Psalm 88—Artwork

Learn more about Christ in the Psalms artwork and download artwork guides here.

Person: Jeremy Grant

Jeremy Grant is an emerging artist and award-winning creative director. He was born in California in 1985. He received a B.S. in Graphic Design and Illustration from John Brown University, (AR), in 2007. Grant has exhibited his collage and assemblage artwork in individual and group gallery shows since 2008. His work uses association to uncover themes of destruction and creation, death and resurrection, and chaos and familiarity. Jeremy Grant currently lives and works in Denver, Colorado.

Piece

Collage

PROCESS

Walking alongside Hemen through this song, I feel the pain with him. I relate to the feeling that “suffering never ends”—there’s always something else. If God cares about me, why have I continued to suffer, so repeatedly, so…pointedly? And all the theological questions about God “causing versus allowing” suffering—we know God is all-powerful, so what’s the difference? Hemen points straight at God and says “Your wrath has swept over me,” and “You have made me a horror to my companions.”
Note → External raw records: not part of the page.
(* Let $O_1,O_2$ be two non-projective ovoids of $S_3(3)$ such that $O_1\cap O_2$ consists of exactly four points which are pairwise at distance $3$ (i.e. differ in all three coordinates). Then the graph whose vertex set is the symmetric difference $O_1\,\triangle\,O_2$ and in which two vertices are adjacent iff they are collinear in $S_3(3)$ is isomorphic to the Nauru graph (the generalized Petersen graph $G(12,5)$).
   Context: Let $L=\mathrm{PG}(1,3)$, a set of $4$ points. The Segre variety $S_3(3)$ has point set $L^3$, and its lines are the $4$-element sets obtained by fixing two coordinates and letting the third run over $L$; two points are collinear if they differ in exactly one coordinate, and the distance between two points is the number of coordinates in which they differ. An ovoid is a set of points meeting every line in exactly one point. With $V=\mathrm{GF}(3)^2$, the Segre embedding sends $([x_1],[x_2],[x_3])$ to $[x_1\otimes x_2\otimes x_3]\in\mathrm{PG}(7,3)=\mathbb{P}(V^{\otimes3})$; an ovoid is non-projective if it is not the set of points whose images lie in a hyperplane of $\mathrm{PG}(7,3)$. *)

theory Defs
  imports Main "HOL-Library.Numeral_Type"
begin

text \<open>GF(3) is the numeral type 3 (integers mod 3, a commutative ring which is the field GF(3)).
Vectors of V = GF(3)^2 are pairs; coordinate index is bool (False = first, True = second).\<close>

type_synonym gf3 = "3"
type_synonym vec2 = "gf3 \<times> gf3"

definition comp :: "vec2 \<Rightarrow> bool \<Rightarrow> gf3" where
  "comp v b = (if b then snd v else fst v)"

text \<open>PG(1,3): the 1-dimensional subspaces of GF(3)^2, each represented by its unique
normalized spanning vector (first nonzero coordinate equal to 1).\<close>
definition PG13 :: "vec2 set" where
  "PG13 = {v. v \<noteq> (0,0) \<and> (fst v = 0 \<longrightarrow> snd v = 1) \<and> (fst v \<noteq> 0 \<longrightarrow> fst v = 1)}"

type_synonym spt = "vec2 \<times> vec2 \<times> vec2"

definition segre_points :: "spt set" where
  "segre_points = PG13 \<times> PG13 \<times> PG13"

definition segre_lines :: "spt set set" where
  "segre_lines =
     {{(x, b, c) | x. x \<in> PG13} | b c. b \<in> PG13 \<and> c \<in> PG13} \<union>
     {{(a, x, c) | x. x \<in> PG13} | a c. a \<in> PG13 \<and> c \<in> PG13} \<union>
     {{(a, b, x) | x. x \<in> PG13} | a b. a \<in> PG13 \<and> b \<in> PG13}"

definition sdist :: "spt \<Rightarrow> spt \<Rightarrow> nat" where
  "sdist p q = (case p of (a1, a2, a3) \<Rightarrow> case q of (b1, b2, b3) \<Rightarrow>
      (if a1 = b1 then 0 else 1) + (if a2 = b2 then 0 else 1) + (if a3 = b3 then 0 else 1))"

definition collinear :: "spt \<Rightarrow> spt \<Rightarrow> bool" where
  "collinear p q \<longleftrightarrow> sdist p q = 1"

definition ovoid :: "spt set \<Rightarrow> bool" where
  "ovoid S \<longleftrightarrow> S \<subseteq> segre_points \<and> (\<forall>l \<in> segre_lines. card (S \<inter> l) = 1)"

text \<open>Value of the linear functional with coefficients c on the Segre image x1 \<otimes> x2 \<otimes> x3.\<close>
definition segre_form :: "(bool \<Rightarrow> bool \<Rightarrow> bool \<Rightarrow> gf3) \<Rightarrow> spt \<Rightarrow> gf3" where
  "segre_form c p = (case p of (x1, x2, x3) \<Rightarrow>
     (\<Sum>i\<in>UNIV. \<Sum>j\<in>UNIV. \<Sum>k\<in>UNIV. c i j k * comp x1 i * comp x2 j * comp x3 k))"

text \<open>Projective: the set of points whose Segre image lies in some hyperplane of PG(7,3).\<close>
definition projective_ovoid :: "spt set \<Rightarrow> bool" where
  "projective_ovoid S \<longleftrightarrow>
     (\<exists>c. (\<exists>i j k. c i j k \<noteq> 0) \<and> S = {p \<in> segre_points. segre_form c p = 0})"

text \<open>Generalized Petersen graph G(n,k): vertices (False,i) = u_i and (True,i) = v_i, i < n;
edges u_i u_{i+1}, u_i v_i, v_i v_{i+k} (indices mod n).\<close>
definition gp_vertices :: "nat \<Rightarrow> (bool \<times> nat) set" where
  "gp_vertices n = UNIV \<times> {..<n}"

definition gp_adj :: "nat \<Rightarrow> nat \<Rightarrow> bool \<times> nat \<Rightarrow> bool \<times> nat \<Rightarrow> bool" where
  "gp_adj n k x y \<longleftrightarrow>
     (case (x, y) of
       ((False, i), (False, j)) \<Rightarrow> j = (i + 1) mod n \<or> i = (j + 1) mod n
     | ((True, i), (True, j)) \<Rightarrow> j = (i + k) mod n \<or> i = (j + k) mod n
     | ((_, i), (_, j)) \<Rightarrow> i = j)"

definition nauru_vertices :: "(bool \<times> nat) set" where
  "nauru_vertices = gp_vertices 12"

definition nauru_adj :: "bool \<times> nat \<Rightarrow> bool \<times> nat \<Rightarrow> bool" where
  "nauru_adj = gp_adj 12 5"

end

theory Submission
  imports Defs
begin

(* An ovoid of S_3(3) is a Latin square of order 4, read as the set of its (row, column, symbol)
   triples: every line of L^3 meets it exactly once.  Relabelling the three coordinates
   independently preserves Latin squares and the distance.  The four common points of O1 and O2
   differ pairwise in every coordinate, so one relabelling moves them to the diagonal points
   (i, i, i), i < 4, of both squares at once.  There are exactly two idempotent Latin squares of
   order 4, and O1 <> O2 as they share only 4 of their 16 points, so they become these two
   squares.  Their symmetric difference consists of the 24 triples of distinct symbols, i.e. of
   the permutations of {0, 1, 2, 3}, two of them being collinear iff they differ by swapping one
   of the first three symbols with the fourth.  This Cayley graph of S_4 is the Nauru graph,
   which is checked on an explicit labelling. *)

section \<open>Latin squares as sets of triples\<close>

fun hamming :: "'a \<times> 'a \<times> 'a \<Rightarrow> 'a \<times> 'a \<times> 'a \<Rightarrow> nat" where
  "hamming (a, b, c) (a', b', c') = of_bool (a \<noteq> a') + of_bool (b \<noteq> b') + of_bool (c \<noteq> c')"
Hemen pulls no punches in this song. He is ferociously real. He brought raw and deep wounding, anger, depression and doubt to the people of God in the form of a song. There isn’t a happy resolution or moral, the song doesn’t give an answer. Psalm 88 ends with a haunting phrase, “darkness is my only friend.”

My response, in the form of this collage, is to acknowledge and honor the pain—to visualize it without rescue or resolution. I get the image of someone screaming in the dark. Struggling to stay lucid through waves of pain. Gasping and sobbing.

“Can you hear me? Are you there?
You are the only one who can save me, God…
Why don’t you answer?
Have you left me alone here? In Sheol?”

A dark figure is at the center, covered in raw red streaks, eyes puffed closed, darkness and fire all around. Sheol, the background, is visualized as ambiguous, formless darkness, creation reverting back to chaos, absent of anything but pain.

The only comfort offered here is the assurance that our pain is real, and our only hope is to be honest about it with each other, and with God. Real relationships will weather the difficult conversations, the anger and the pain. God can handle our honest emotions.